Making Women’s Herstory Month more Inclusive of Trans People

U.S. White House in Washington, D.C.

The following is an editorial by Skye Sarac, an undergraduate intern in the Women’s Center.

On Jan. 20, 2021, President Biden signed an executive order that removed prohibitions against trans students from competing in sports that match their gender identity. This led to outrage from right-wing politicians to religious groups to feminists. In fact, the Women’s Liberation Front, a feminist lobbying group, claimed that President Biden’s order violates Title IX by discriminating against cisgender women and infringes upon their right to play sports.

The tension between trans rights activists and “radical feminists” is nothing new. In 2019, J. K. Rowling, the billionaire writer and well-known feminist, was widely criticized after tweeting her support for Maya Forstater, a British consultant who was fired after verbally attacking transgender people. 

Rowling’s comments reflect a philosophy known as gender critical feminism or, in more colloquial terms, trans-exclusionary radical feminism (TERF-ism). Gender critical feminism espouses the idea that allowing trans women into spaces meant for cis women inherently infringes upon the rights of cisgender women, and movements that deny the reality of biological sex are inherently anti-feminist. 

Gender critical feminism, with its roots in radical feminism, began as a way to reclaim the power that women have been denied throughout history. A cornerstone of the movement is that it specifically excludes men and anyone who is not a cisgender female.

The problem with the movement is not necessarily that it separates gender from sex, but in denying the validity and existence of trans women, it is gatekeeping womanhood based on physiological traits, actively harming those who identify as women but were assigned male at birth.

Even if the gender critical movement is correct in its interpretation of sex and gender, which I don’t think they are, the idea of excluding anyone from feminism based on their identity is inherently problematic and goes against the ideas of inclusion and equity that feminists have long fought for. 
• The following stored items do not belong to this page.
lemma is_circuit_card3_iff:
  fixes V :: "'w \<Rightarrow> complex^'n::finite"
  assumes S: "card S = 3" and nonzero: "\<forall>w\<in>S. V w \<noteq> 0"
  shows "is_circuit S V \<longleftrightarrow> fam_dependent S V \<and> inj_on (\<lambda>w. proj_pt (V w)) S"
proof -
  obtain x y z where xyz: "S = {x, y, z}" "x \<noteq> y" "y \<noteq> z" "x \<noteq> z"
    using S card_3_iff by metis
  have pair_dependent_iff: "fam_dependent {w1, w2} V \<longleftrightarrow> proj_pt (V w1) = proj_pt (V w2)"
    if "w1 \<in> S" "w2 \<in> S" "w1 \<noteq> w2" for w1 w2
    using fam_dependent_pair_iff[of w1 w2 V] nonzero that by blast
  have "(\<forall>S'. S' \<subset> S \<longrightarrow> \<not> fam_dependent S' V) \<longleftrightarrow> inj_on (\<lambda>w. proj_pt (V w)) S"
  proof
    assume minimal: "\<forall>S'. S' \<subset> S \<longrightarrow> \<not> fam_dependent S' V"
    show "inj_on (\<lambda>w. proj_pt (V w)) S"
    proof (rule inj_onI, rule ccontr)
      fix w1 w2
      assume "w1 \<in> S" "w2 \<in> S" "proj_pt (V w1) = proj_pt (V w2)" "w1 \<noteq> w2"
      moreover have "{w1, w2} \<subset> S"
        using \<open>w1 \<in> S\<close> \<open>w2 \<in> S\<close> xyz by auto
      ultimately show False
        using minimal pair_dependent_iff by blast
    qed
  next
    assume inj: "inj_on (\<lambda>w. proj_pt (V w)) S"
    show "\<forall>S'. S' \<subset> S \<longrightarrow> \<not> fam_dependent S' V"
    proof (intro allI impI notI)
      fix S' assume "S' \<subset> S" "fam_dependent S' V"
      moreover have "S' \<subseteq> {x, y} \<or> S' \<subseteq> {x, z} \<or> S' \<subseteq> {y, z}"
        using \<open>S' \<subset> S\<close> xyz by blast
      moreover have "\<not> fam_dependent {w1, w2} V"
        if "w1 \<in> S" "w2 \<in> S" "w1 \<noteq> w2" for w1 w2
        using that inj pair_dependent_iff by (auto dest: inj_onD)
      ultimately show False
        using fam_dependent_mono[of S' V] xyz by blast
    qed
  qed
  then show ?thesis
    unfolding is_circuit_def by blast
qed

lemma fam_dependent_card3_iff_on_common_line:
  fixes V :: "'w \<Rightarrow> complex^'n::finite"
  assumes S: "card S = 3" and nonzero: "\<forall>w\<in>S. V w \<noteq> 0"
    and inj: "inj_on (\<lambda>w. proj_pt (V w)) S"
  shows "fam_dependent S V \<longleftrightarrow> on_common_line ((\<lambda>w. proj_pt (V w)) ` S)"
proof -
  have "finite S"
    using S by (metis card.infinite zero_neq_numeral)
  moreover have inj_V: "inj_on V S"
    using inj by (auto simp: inj_on_def)
  ultimately have dependent_iff: "fam_dependent S V \<longleftrightarrow> vec.dependent (V ` S)"
    by (rule fam_dependent_iff_dependent_image)
  obtain x y z where xyz: "S = {x, y, z}" "x \<noteq> y" "y \<noteq> z" "x \<noteq> z"
    using S card_3_iff by metis
  have xy_independent: "vec.independent {V x, V y}"
    using independent_if_proj_pt_neq nonzero inj xyz by (auto dest: inj_onD)
  show ?thesis
  proof
    assume "fam_dependent S V"
    then have "vec.dependent (insert (V z) {V x, V y})"
      using dependent_iff xyz by (simp add: insert_commute)
    moreover have "V z \<notin> {V x, V y}"
      using inj_V xyz by (auto dest: inj_onD)
    ultimately have "V z \<in> vec.span {V x, V y}"
      using xy_independent vec.independent_insert[of "V z" "{V x, V y}"] by metis
    then have in_span: "V w \<in> vec.span {V x, V y}" if "w \<in> S" for w
      using that xyz by (auto intro: vec.span_base)
    have "V x \<noteq> V y"
      using inj_V xyz by (auto dest: inj_onD)
    then have "vec.dim (vec.span {V x, V y}) = 2"
      using vec.dim_span_eq_card_independent[OF xy_independent] by simp
    moreover have "\<forall>p\<in>(\<lambda>w. proj_pt (V w)) ` S. p \<subseteq> vec.span {V x, V y}"
      using in_span proj_pt_subset_subspace[OF vec.subspace_span] by blast
    ultimately show "on_common_line ((\<lambda>w. proj_pt (V w)) ` S)"
      unfolding on_common_line_def by (intro exI[of _ "vec.span {V x, V y}"]) simp
  next
    assume "on_common_line ((\<lambda>w. proj_pt (V w)) ` S)"
    then obtain L where L: "vec.subspace L" "vec.dim L = 2" "\<forall>w\<in>S. proj_pt (V w) \<subseteq> L"
      unfolding on_common_line_def by blast
    then have "V ` S \<subseteq> L"
      using proj_pt_self by blast
    moreover have "card (V ` S) = 3"
      using card_image[OF inj_V] S by simp
    ultimately have "vec.dependent (V ` S)"
      using vec.independent_card_le_dim[of "V ` S" L] L(2) by linarith
    then show "fam_dependent S V"
      using dependent_iff by blast
  qed
qed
Rowling’s comments and the larger TERF movement reflect a deeply flawed way of thinking that reduces women to their anatomy and organs, which harms both trrangender and cisgender women. According to Layshia Clarendon, a WNBA player who identifies as nonbinary trans, there is a tendency to fixate on surgeries and hormones when discussing trans people, which detracts from the more relevant aspects of trans identity and excludes a significant part of the trans community.

As a cis woman, I often wonder if I’m doing enough to support the trans community; it can be tough to find the delicate balance between advocating and overstepping. According to Clarendon, cis women advocating for trans people is similar to white people advocating for Black people. Those who are oppressed should not have to carry the burden of fighting their oppression.

Another factor that complicates activism is that often what looks like solidarity is actually performative. For example, J. K. Rowling tweeted a clarifying response after her tweet went viral stating that trans people have the right to dress however they please and call themselves whatever they like.

While Rowling’s tweet may initially seem supportive, the problem is that this surface-level support isn’t enough. After all, trans people do not need permission from cis people to dress however they want or change their names. In order to truly support the trans community, we must go beyond the bare minimum, which is what Rowling’s tweet is. 

To start, we should always call people by their correct names and pronouns, and if you aren’t sure, ask. It’s also important to respect and believe trans people about their identities; if someone says they are trans, that is a fact. Also, we can alleviate some of the burden that trans people must face in constantly having to explain their identities by educating others about basic concepts related to trans rights and trans identities. 

It is also important to remember the role of intersectionality in the ability of trans people to exist openly and authentically. For example, a white trans person may have a very different experience with existing in the world than a Black trans person. We should take this into account when discussing trans issues and remember that for a lot of marginalized groups, specifically Black trans women, the act of living authentically can often mean putting oneself in danger

The backlash against Biden’s executive order shows that we have a long way to go in the fight for trans rights, but fortunately, we do have the power to do better. As cis people, we can use our privilege to make the world a little safer for trans people. In fact, we should be doing so right now.